Sifting between the well-priced gems and the scammy junk can be a difficult task on Amazon, so it's no wonder that most of us rely on product reviews to help us narrow down the choices. The most careful of us (read: me) will even go as far as to see how many reviews something has to help determine how well-established and liked a given item is. 

If one product has a 3-star rating with 12 reviews, and one has a 3-star rating with 300 reviews, I'm definitely more likely to purchase the item with the 300 reviews, even if it's a tiny bit more expensive than the alternative because it seems more popular, which in my mind equates it to being better - and I'm not alone.

 

A recent study published by the journal Psychological Science , and reported on by Quartz , found that most people are like me, and will want to buy the more-reviewed item almost all the time, determining that if something is popular then that mean's it's also of better quality. The only problem? That's not what it means at all. 

Statistically speaking, that popular product is actually likely to be a poorer-quality product that the one with fewer reviews. For instance, in the case of two similar products with a 3.1 rating, one with 29 reviews and one with 154, the more reviewed product only has a 40% chance of actually being better than the product with just 29 reviews. However, researchers found that buyers were 90% more likely to buy it because they perceived it was better. 

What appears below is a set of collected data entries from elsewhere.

lemma lead_monom_eqI:
  assumes "M \<in> Poly_Mapping.keys f" "\<And>m. m \<in> Poly_Mapping.keys f \<Longrightarrow> m \<noteq> M \<Longrightarrow> lex_less m M"
  shows "lead_monom f = M"
  unfolding lead_monom_def
proof (rule the_equality)
  fix M'
  assume M': "M' \<in> Poly_Mapping.keys f \<and> (\<forall>m\<in>Poly_Mapping.keys f. m \<noteq> M' \<longrightarrow> lex_less m M')"
  show "M' = M"
  proof (rule ccontr)
    assume "M' \<noteq> M"
    then have "lex_less M' M" "lex_less M M'"
      using assms M' by auto
    then show False
      using lex_less_asym by blast
  qed
qed (use assms in blast)

lemma lead_monom_greatest:
  assumes "f \<noteq> 0"
  shows "lead_monom f \<in> Poly_Mapping.keys f"
    and "\<And>m. m \<in> Poly_Mapping.keys f \<Longrightarrow> m \<noteq> lead_monom f \<Longrightarrow> lex_less m (lead_monom f)"
proof -
  obtain M where M: "M \<in> Poly_Mapping.keys f" "\<forall>m\<in>Poly_Mapping.keys f. m \<noteq> M \<longrightarrow> lex_less m M"
    using ex_lex_greatest[of "Poly_Mapping.keys f"] assms by auto
  then have "lead_monom f = M"
    by (intro lead_monom_eqI) auto
  then show "lead_monom f \<in> Poly_Mapping.keys f"
    and "\<And>m. m \<in> Poly_Mapping.keys f \<Longrightarrow> m \<noteq> lead_monom f \<Longrightarrow> lex_less m (lead_monom f)"
    using M by auto
qed

lemma LT_binomial:
  assumes "lex_less b a"
  shows "LT (Poly_Mapping.single a 1 - Poly_Mapping.single b c) = Poly_Mapping.single a 1"
proof -
  let ?f = "Poly_Mapping.single a 1 - Poly_Mapping.single b c"
  have "a \<noteq> b"
    using assms lex_less_irrefl by blast
  then have coeff: "Poly_Mapping.lookup ?f a = 1"
    by (simp add: lookup_minus lookup_single)
  have "Poly_Mapping.keys ?f \<subseteq> {a, b}"
    using keys_diff[of "Poly_Mapping.single a 1" "Poly_Mapping.single b c"] by (auto split: if_splits)
  then have "lead_monom ?f = a"
    using coeff assms by (intro lead_monom_eqI) (simp add: in_keys_iff, blast)
  then show ?thesis
    by (simp add: LT_def coeff)
qed

lemma lookup_lead_monom_sum_single:
  assumes "f \<noteq> 0" "U (lead_monom f) = lead_monom f"
    and "\<And>m. m \<in> Poly_Mapping.keys f \<Longrightarrow> m \<noteq> lead_monom f \<Longrightarrow> U m = m \<or> lex_less (U m) m"
  shows "Poly_Mapping.lookup (\<Sum>m\<in>Poly_Mapping.keys f. Poly_Mapping.single (U m) (c m)) (lead_monom f)
    = c (lead_monom f)"
proof -
  let ?M = "lead_monom f"
  let ?c = "\<lambda>m. Poly_Mapping.lookup (Poly_Mapping.single (U m) (c m)) ?M"
  have M: "?M \<in> Poly_Mapping.keys f"
    using lead_monom_greatest(1)[OF assms(1)] .
  have "U m \<noteq> ?M" if m: "m \<in> Poly_Mapping.keys f - {?M}" for m
  proof -
    have "lex_less m ?M"
      using lead_monom_greatest(2)[OF assms(1)] m by blast
    moreover have "U m = m \<or> lex_less (U m) m"
      using assms(3) m by blast
    ultimately have "lex_less (U m) ?M"
      using lex_less_trans by auto
    then show ?thesis
      using lex_less_irrefl by auto
  qed
  then have "(\<Sum>m\<in>Poly_Mapping.keys f - {?M}. ?c m) = 0"
    by (intro sum.neutral) (simp add: lookup_single_not_eq)
  moreover have "Poly_Mapping.lookup (\<Sum>m\<in>Poly_Mapping.keys f. Poly_Mapping.single (U m) (c m)) ?M
      = ?c ?M + (\<Sum>m\<in>Poly_Mapping.keys f - {?M}. ?c m)"
    unfolding lookup_sum by (rule sum.remove[OF finite_keys M])
  ultimately show ?thesis
    using assms(2) by simp
qed

lemma sum_powers_primitive_root:
  assumes "primitive_root n w" "0 < n"
  shows "(\<Sum>j<n. (w ^ d) ^ j) = (if n dvd d then of_nat n else 0)"
proof (cases "n dvd d")
  case True
  then obtain c where "d = n * c" ..
  then have "w ^ d = 1"
    using assms(1) by (simp add: primitive_root_def power_mult)
  then show ?thesis
    using True by simp
next
  case False
  have wn: "w ^ n = 1"
    using assms(1) by (simp add: primitive_root_def)
  have "w ^ d = w ^ (n * (d div n) + d mod n)"
    by simp
  also have "\<dots> = w ^ (d mod n)"
    by (simp only: power_add power_mult wn power_one mult_1)
  finally have "w ^ d = w ^ (d mod n)" .
  moreover have "0 < d mod n" "d mod n < n"
    using False assms(2) by (auto simp: mod_eq_0_iff_dvd[symmetric])
  ultimately have "w ^ d \<noteq> 1"
    using assms(1) by (simp add: primitive_root_def)
  moreover have "(w ^ d) ^ n = (w ^ n) ^ d"
    by (simp only: power_mult[symmetric] mult.commute)
  ultimately show ?thesis
    using False wn by (simp add: sum_gp_strict)
qed

lemma dvd_add_diff_iff_eq:
  fixes a b n :: nat
  assumes "a < n" "b < n"
  shows "n dvd a + (n - b) \<longleftrightarrow> a = b"
proof
  assume "n dvd a + (n - b)"
  then obtain c where c: "a + (n - b) = n * c" ..
  have "0 < a + (n - b)" "a + (n - b) < 2 * n"
    using assms by auto
  then have "0 < n * c" "n * c < n * 2"
    using c by (simp_all add: mult.commute)
  then have "c = 1"
    by simp
  then show "a = b"
    using c assms by simp
qed (use assms in simp)

section \<open>Reduction to standard monomials\<close>

locale csp_instance =
  fixes s :: nat and q k r :: "nat \<Rightarrow> nat" and \<omega> :: "nat \<Rightarrow> complex"
    and \<alpha> :: "nat \<Rightarrow> nat \<Rightarrow> nat" and \<beta> :: "nat \<Rightarrow> nat \<Rightarrow> nat \<Rightarrow> nat"
  assumes q_pos: "i \<in> {1..s} \<Longrightarrow> 0 < q i"
    and primitive: "i \<in> {1..s} \<Longrightarrow> primitive_root (q i) (\<omega> i)"
begin

abbreviation "V \<equiv> Vars s k r"
abbreviation "R \<equiv> polyring V"

definition G :: "mpoly set" where
  "G = (\<Union>i\<in>{1..s}. Gi k r q \<omega> \<alpha> \<beta> i)"

definition J :: "mpoly set" where
  "J = ideal_gen R G"

definition Yvars :: "var set" where
  "Yvars = {Y i j | i j. i \<in> {1..s} \<and> j \<in> {1..r i}}"

definition standard :: "mono \<Rightarrow> bool" where
  "standard u \<longleftrightarrow> Poly_Mapping.keys u \<subseteq> Yvars
     \<and> (\<forall>v\<in>Poly_Mapping.keys u. Poly_Mapping.lookup u v < q (sort_of v))"

definition constr_monom :: "nat \<Rightarrow> nat \<Rightarrow> mono" where
  "constr_monom i t = (\<Sum>j\<in>{1..r i}. Poly_Mapping.single (Y i j) (\<beta> i t j))"

text \<open>A triple \<open>(a, b, c)\<close> stands for the element \<open>a - c b\<close> of \<open>G\<close>, read as the rewrite
  rule \<open>a \<mapsto> c b\<close> on monomials.\<close>

definition rewrite_rules :: "(mono \<times> mono \<times> complex) set" where
  "rewrite_rules =
     {(Poly_Mapping.single (X i t) 1, constr_monom i t, \<omega> i ^ \<alpha> i t) | i t.
        i \<in> {1..s} \<and> t \<in> {1..k i}}
   \<union> {(Poly_Mapping.single (Y i j) (q i), 0, 1) | i j. i \<in> {1..s} \<and> j \<in> {1..r i}}"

The study, whose lead author, Derek Powell is a postdoctoral researcher in psychology at Stanford University, looked at 15.6 million reviews spanning over 350,000 different products in Amazon's catalog. When a product has a ton of reviews but a mediocre rating like a three, the only thing that should be telling you as a customer is that it is definitely a mediocre product. Alternatively, the product that currently has the same rating, but a fewer number of reviews, has a better chance of actually being a better product overall since it hasn't been reviewed by such a large group-meaning there's a less decisive consensus that the product isn't so great. 

While the study looked at specifically Amazon, the advice is good for almost all online stores: Just because something is popular doesn't mean it's better. Instead, look for products with higher ratings overall, and actually read some of those reviews to understand what other buyers considered the hits and misses of a particular product.